The public offering is being made pursuant to the Company’s effective registration statement on Form S-3 (Registration Statement No. 333-249863) (the “Registration Statement”) and the related prospectus supplement and the accompanying prospectus, in each case filed with the Securities and Exchange Commission.
The exercise price and the number of shares of common stock issuable upon exercise of each Pre-Funded Warrant is subject to appropriate adjustments in the event of certain stock dividends and distributions, stock splits, stock combinations, reclassifications or similar events affecting the common stock.
Each Pre-Funded Warrant will be exercisable from the date of issuance until the date the Pre-Funded Warrant is exercised in full. Each Pre-Funded Warrant will be exercisable, in the holder’s discretion, by (i) payment in full in immediately available funds for the number of shares of common stock purchased upon such exercise or (ii) a cashless exercise, in which case the holder would receive upon such exercise the net number of shares of common stock determined according to the formula set forth in the Pre-Funded Warrant. Subject to applicable law, upon exercise of a Pre-Funded Warrant, a holder may elect to receive the same number of shares of non-voting common stock as the shares of common stock for which the Pre-Funded Warrant is exercisable, provided that (i) at the time of such election there is a sufficient number of authorized but unissued and otherwise unreserved shares of non-voting common stock and (ii) the Company consents to such election. Under the Pre-Funded Warrants, the Company may not effect the exercise of any Pre-Funded Warrant, and a holder will not be entitled to exercise any portion of any Pre-Funded Warrant that, upon giving effect to such exercise, would cause: (i) the aggregate number of shares of common stock beneficially owned by such holder (together with its affiliates) to exceed 9.99% of the total number of shares of common stock outstanding immediately after giving effect to the exercise; or (ii) the combined voting power of the Company’s securities beneficially owned by such holder (together with its affiliates) to exceed 9.99% of the combined voting power of all of the Company’s securities immediately outstanding after giving effect to the exercise, as such percentage ownership is determined in accordance with the terms of the Pre-Funded Warrant, which percentage may be changed at the holder’s election to a higher or lower percentage not in excess of 19.99% upon at least 61 days’ notice to the Company.

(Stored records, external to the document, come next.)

lemma one_tensor_add: "one_tensor (m + m') = one_tensor m + one_tensor m'"
proof -
  have "pullback_elem (delta (1, m + m')) = pullback_elem (\<lambda>z. delta (1, m) z + delta (1, m') z)"
    using frob_rel.add_right[of 1 m m' scale p] by (simp add: pullback_elem_eq_iff diff_diff_eq)
  then show ?thesis by (simp add: one_tensor_def pullback_elem_add)
qed

lemma one_tensor_scale: "one_tensor (a *s m) = a ^ p *s one_tensor m"
proof -
  have "pullback_elem (delta (1 * a ^ p, m)) = pullback_elem (delta (1, a *s m))"
    using frob_rel.frob[of 1 a p m scale] by (simp add: pullback_elem_eq_iff)
  then show ?thesis using pullback_elem_delta[of "a ^ p" m] by (simp add: one_tensor_def)
qed

lemma one_tensor_zero: "one_tensor 0 = 0"
  using one_tensor_add[of 0 0] by simp

lemma one_tensor_sum: "one_tensor (\<Sum>i\<in>A. a i *s g i) = (\<Sum>i\<in>A. a i ^ p *s one_tensor (g i))"
  by (induction A rule: infinite_finite_induct) (simp_all add: one_tensor_add one_tensor_scale one_tensor_zero)

lemma span_one_tensor:
  fixes g :: "nat \<Rightarrow> 'b"
  assumes S: "finite S" "span (g ` S) = UNIV"
  shows "span ((\<lambda>i. one_tensor (g i)) ` S) = UNIV"
proof -
  let ?V = "span ((\<lambda>i. one_tensor (g i)) ` S)"
  obtain \<sigma> :: "'b \<Rightarrow> nat \<Rightarrow> 'a" where \<sigma>: "\<And>y. (\<Sum>i\<in>S. \<sigma> y i *s g i) = y"
    using span_image_coordinates[OF S] by metis
  have one_tensor: "one_tensor m \<in> ?V" for m
    using one_tensor_sum[of "\<sigma> m" g S] by (simp add: \<sigma> span_sum span_scale span_base)
  have "pullback_elem c \<in> ?V" if "fsupp c" for c
    using that
  proof (induction rule: fsupp_induct)
    case zero
    then show ?case by (simp add: pullback_elem_zero span_zero)
  next
    case (add c d)
    then show ?case by (simp add: pullback_elem_add span_add)
  next
    case (uminus c)
    then show ?case by (simp add: pullback_elem_uminus span_neg)
  next
    case (delta z)
    then show ?case by (cases z) (simp add: pullback_elem_delta span_scale one_tensor)
  qed
  then show ?thesis by (metis UNIV_eq_I pullback_elem_surj)
qed
lemma quasistrong_insert_root:
  assumes "quasistrong Y S" "y0 \<in> Y" "\<forall>y\<in>Y. y0 \<le> y" "length \<sigma> < y0"
    "\<forall>\<tau>\<in>S. \<not> \<tau> \<parallel> \<sigma>" "{\<tau>\<in>S. length \<tau> = y0} = {\<rho>1, \<rho>2}" "\<rho>1 \<noteq> \<rho>2"
  shows "quasistrong (insert (length \<sigma>) Y) (set (prefixes \<sigma>) \<union> S)"
proof -
  let ?S = "set (prefixes \<sigma>) \<union> S"
  have short: "length \<tau> \<le> length \<sigma>" if "\<tau> \<in> set (prefixes \<sigma>)" for \<tau>
    using that prefix_length_le by simp
  have root_splits: "splits_in_two ?S \<sigma> y0"
  proof -
    have "\<rho>1 \<in> S" "\<rho>2 \<in> S" "length \<rho>1 = y0" "length \<rho>2 = y0"
      using assms(6) by blast+
    hence "prefix \<sigma> \<rho>1" "prefix \<sigma> \<rho>2"
      using assms(4,5) by (metis less_imp_le not_parallel_prefix parallel_commute)+
    hence "extensions ?S \<sigma> y0 = {\<rho>1, \<rho>2}"
      using assms(4,6) short by (fastforce simp: extensions_def)
    moreover have "\<rho>1 \<parallel> \<rho>2"
      using assms(7) \<open>length \<rho>1 = y0\<close> \<open>length \<rho>2 = y0\<close> by (metis parallel_if_same_length)
    ultimately show ?thesis
      unfolding splits_in_two_def by blast
  qed
  have "splits_in_two ?S s y" if "consec (insert (length \<sigma>) Y) (length s) y" "s \<in> ?S" for y s
    using consec_insert_below[OF assms(2-4) that(1)]
  proof
    assume "length s = length \<sigma> \<and> y = y0"
    moreover have "s = \<sigma>"
      using that(2) calculation assms(5) by (auto dest: prefix_length_eq not_parallel_same_length_eq)
    ultimately show ?thesis
      using root_splits by simp
  next
    assume "consec Y (length s) y"
    hence "y0 \<le> length s" "length s < y"
      using assms(3) by (auto simp: consec_def)
    hence "s \<in> S" "extensions ?S s y = extensions S s y"
      using that(2) assms(4) short by (fastforce simp: extensions_def)+
    thus ?thesis
      using assms(1) \<open>consec Y (length s) y\<close> by (simp add: quasistrong_iff splits_in_two_def)
  qed
  thus ?thesis
    using assms(1) unfolding quasistrong_iff is_tree_def
    by (auto intro: prefix_order.order_trans)
qed

lemma not_parallel_glued:
  assumes "\<forall>\<tau>\<in>S1. \<not> \<tau> \<parallel> \<rho>1" "\<forall>\<tau>\<in>S2. \<not> \<tau> \<parallel> \<rho>2" "prefix \<sigma> \<rho>1" "prefix \<sigma> \<rho>2"
    "\<tau> \<in> set (prefixes \<sigma>) \<union> (S1 \<union> S2)"
  shows "\<not> \<tau> \<parallel> \<sigma>"
proof -
  consider "prefix \<tau> \<sigma>" | "\<tau> \<in> S1" | "\<tau> \<in> S2"
    using assms(5) by auto
  thus ?thesis
  proof cases
    case 1
    thus ?thesis by (simp add: parallel_def)
  qed (use assms(1-4) not_parallel_prefix_trans in blast)+
qed
locale normalized_recursion_tail = normalized_recursion +
  fixes a Mx \<delta> :: real
  assumes a_nonneg: "0 \<le> a" and c_sq_le: "c\<^sup>2 \<le> Mx" and d_le: "d \<le> Mx"
    and \<delta>_pos: "0 < \<delta>" and \<delta>_less_1: "\<delta> < 1"
    and a_n\<^sub>0_le: "a * n\<^sub>0 \<le> Mx * ln (1 / \<delta>)"
begin

abbreviation \<Lambda> :: real where "\<Lambda> \<equiv> ln (1 / \<delta>)"

abbreviation \<theta> :: "real \<Rightarrow> nat \<Rightarrow> real" where "\<theta> N t \<equiv> exp_rate Mx N (\<tau> t)"

abbreviation shift :: "real \<Rightarrow> nat \<Rightarrow> real" where "shift N t \<equiv> exp_shift n\<^sub>0 N (\<tau> t)"

lemma Mx_pos: "0 < Mx"
  using d_pos d_le by simp

lemma \<Lambda>_pos: "0 < \<Lambda>"
  using \<delta>_pos \<delta>_less_1 by simp

lemma \<theta>_nonneg: "0 \<le> N \<Longrightarrow> 0 \<le> \<theta> N t"
  using Mx_pos by (simp add: exp_rate_def)

lemma shift_nonneg: "0 \<le> N \<Longrightarrow> 0 \<le> shift N t"
  by (simp add: exp_shift_def)

definition init_event :: "'a set" where
  "init_event = {x \<in> space M. L 0 x \<le> a}"

lemma init_event_F: "init_event \<in> sets (F t)"
proof -
  have "space (F 0) = space M" using subalgebra_F[of 0] by (simp add: subalgebra_def)
  then have "init_event = {x \<in> space (F 0). L 0 x \<le> a}" by (simp add: init_event_def)
  also have "\<dots> \<in> sets (F 0)" using L_adapted[of 0] by measurable
  finally show ?thesis using filtration_mono[of 0 t] by auto
qed

lemma sets_F_subset: "sets (F t) \<subseteq> sets M"
  using subalgebra_F[of t] by (simp add: subalgebra_def)

lemma L_measurable[measurable]: "L t \<in> borel_measurable M"
  using measurable_from_subalg[OF subalgebra_F L_adapted] .

lemma init_event_measurable[measurable]: "init_event \<in> sets M"
  using init_event_F sets_F_subset by blast

lemma AE_step_and_det_bound: "AE x in M. (\<forall>s.
    L (Suc s) x \<le> (1 - 2 / \<tau> (Suc s)) * L s x + U (Suc s) x \<and>
    \<bar>U (Suc s) x\<bar> \<le> 2 * c * sqrt (L s x) / \<tau> (Suc s) + 4 * d / (\<tau> (Suc s))\<^sup>2) \<and>
    (x \<in> init_event \<longrightarrow> (\<forall>t. L t x \<le> det_bound a t))"
  using AE_recursion_step AE_L_le_det_bound[OF a_nonneg] by eventually_elim (auto simp: init_event_def)

text \<open>\<open>N\<close> is the right end of the window \<open>\<tau> t \<le> N\<close> on which this is a supermartingale.\<close>
definition exp_process :: "real \<Rightarrow> nat \<Rightarrow> 'a \<Rightarrow> real" where
  "exp_process N t x = indicator init_event x * exp (\<theta> N t * L t x - shift N t)"

lemma exp_process_nonneg: "0 \<le> exp_process N t x"
  by (simp add: exp_process_def)

lemma exp_process_adapted: "exp_process N t \<in> borel_measurable (F t)"
proof -
  have [measurable]: "L t \<in> borel_measurable (F t)" "init_event \<in> sets (F t)"
    using L_adapted init_event_F by auto
  show ?thesis unfolding exp_process_def by measurable
qed

lemma exp_process_measurable[measurable]: "exp_process N t \<in> borel_measurable M"
  using measurable_from_subalg[OF subalgebra_F exp_process_adapted] .

lemma integrable_exp_process:
  assumes "0 \<le> N" shows "integrable M (exp_process N t)"
proof (rule integrable_const_bound[of _ "exp (\<theta> N t * det_bound a t)"])
  show "AE x in M. norm (exp_process N t x) \<le> exp (\<theta> N t * det_bound a t)"
    using AE_step_and_det_bound
  proof eventually_elim
    case (elim x)
    show ?case
    proof (cases "x \<in> init_event")
      case True
      then have "\<theta> N t * L t x - shift N t \<le> \<theta> N t * det_bound a t"
        using elim mult_left_mono[OF _ \<theta>_nonneg[OF assms]] shift_nonneg[OF assms, of t]
        by (smt (verit))
      then show ?thesis using True by (simp add: exp_process_def)
    qed (simp add: exp_process_def)
  qed
qed simp

lemma exp_process_0_le:
  assumes "real n\<^sub>0 \<le> N" shows "exp_process N 0 x \<le> exp (\<Lambda> / 16)"
proof (cases "x \<in> init_event")
  case True
  then have "\<theta> N 0 * L 0 x \<le> \<theta> N 0 * a"
    using \<theta>_nonneg[of N 0] assms by (intro mult_left_mono) (auto simp: init_event_def)
  also have "\<dots> = (a * n\<^sub>0) * sqrt n\<^sub>0 / (16 * Mx * sqrt N)"
    by (simp add: exp_rate_def)
  also have "\<dots> \<le> (Mx * \<Lambda>) * sqrt N / (16 * Mx * sqrt N)"
  proof (rule divide_right_mono)
    show "(a * n\<^sub>0) * sqrt n\<^sub>0 \<le> (Mx * \<Lambda>) * sqrt N"
      by (rule mult_mono) (use a_n\<^sub>0_le assms \<Lambda>_pos Mx_pos in auto)
  qed (use Mx_pos assms in auto)
  also have "\<dots> = \<Lambda> / 16"
    using Mx_pos assms n\<^sub>0_ge_3 by (simp add: field_simps)
  finally have "\<theta> N 0 * L 0 x - shift N 0 \<le> \<Lambda> / 16" by (simp add: exp_shift_def)
  then show ?thesis using True by (simp add: exp_process_def)
qed (simp add: exp_process_def)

In the event of certain fundamental transactions (as described in the Pre-Funded Warrants), a holder of Pre-Funded Warrants will be entitled to receive, upon exercise of the Pre-Funded Warrants, the kind and amount of securities, cash or other property that such holder would have received had they exercised the Pre-Funded Warrants immediately prior to such fundamental transaction without regard to any limitations on exercise contained in the Pre-Funded Warrants.

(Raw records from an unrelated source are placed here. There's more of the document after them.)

lemma shifted_cubic_sum:
  fixes a s h :: "'a::comm_ring_1"
  assumes "2 * h = 1"
  shows "(a + h) * (s + h)\<^sup>2 + (a - h) * (s - h)\<^sup>2 = h * (4 * a * s\<^sup>2 + a + 2 * s)"
proof -
  have "(a + h) * (s + h)\<^sup>2 + (a - h) * (s - h)\<^sup>2 - h * (4 * a * s\<^sup>2 + a + 2 * s)
      = (2 * h - 1) * (a * h + 2 * h * s - 2 * a * s\<^sup>2)"
    by (simp add: algebra_simps power2_eq_square)
  then show ?thesis
    using assms by simp
qed

lemma shifted_cubic_diff:
  fixes a s h :: "'a::comm_ring_1"
  assumes "2 * h = 1"
  shows "(a + h) * (s + h)\<^sup>2 - (a - h) * (s - h)\<^sup>2 = 2 * a * s + s\<^sup>2 + h\<^sup>2"
proof -
  have "(a + h) * (s + h)\<^sup>2 - (a - h) * (s - h)\<^sup>2 - (2 * a * s + s\<^sup>2 + h\<^sup>2)
      = (2 * h - 1) * (2 * a * s + s\<^sup>2 + h\<^sup>2)"
    by (simp add: algebra_simps power2_eq_square)
  then show ?thesis
    using assms by simp
qed

lemma add_halves: "(2::'a::field) \<noteq> 0 \<Longrightarrow> z / 2 + z / 2 = (z::'a)"
  by (simp flip: add_divide_distrib mult_2)

lemma diffs_eq_half_iff:
  fixes a1 a2 b1 b2 c :: "'a::field"
  assumes "(2::'a) \<noteq> 0"
  shows "(a1 - b1 = c / 2 \<and> a2 - b2 = c / 2)
    \<longleftrightarrow> (a2 - a1 = b2 - b1 \<and> (a2 + a1) - (b2 + b1) = c)"
proof
  assume *: "a1 - b1 = c / 2 \<and> a2 - b2 = c / 2"
  then have "a1 - b1 = a2 - b2"
    by metis
  then have "a2 - a1 = b2 - b1"
    by (simp add: algebra_simps)
  moreover have "(a2 + a1) - (b2 + b1) = (a1 - b1) + (a2 - b2)"
    by (simp add: algebra_simps)
  ultimately show "a2 - a1 = b2 - b1 \<and> (a2 + a1) - (b2 + b1) = c"
    using * add_halves[OF assms, of c] by simp
next
  assume *: "a2 - a1 = b2 - b1 \<and> (a2 + a1) - (b2 + b1) = c"
  then have "a2 - b2 = a1 - b1"
    by (simp add: algebra_simps)
  moreover have "c = (a1 - b1) + (a2 - b2)"
    using * by (simp add: algebra_simps)
  ultimately have "c = 2 * (a1 - b1)"
    by (metis mult_2)
  then show "a1 - b1 = c / 2 \<and> a2 - b2 = c / 2"
    using \<open>a2 - b2 = a1 - b1\<close> assms by simp
qed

The foregoing descriptions of the Underwriting Agreement and the Pre-Funded Warrants do not purport to be complete and are each qualified in their entirety by reference to the Underwriting Agreement and the Form of Pre-Funded Warrant, respectively, which are filed as Exhibit 1.1 and Exhibit 4.1, respectively, hereto and are incorporated herein by reference.
A copy of the opinion of Wilson Sonsini Goodrich & Rosati, P.C relating to the validity of the Shares and the Pre-Funded Warrants is filed as Exhibit 5.1 hereto and is incorporated by reference into the Registration Statement.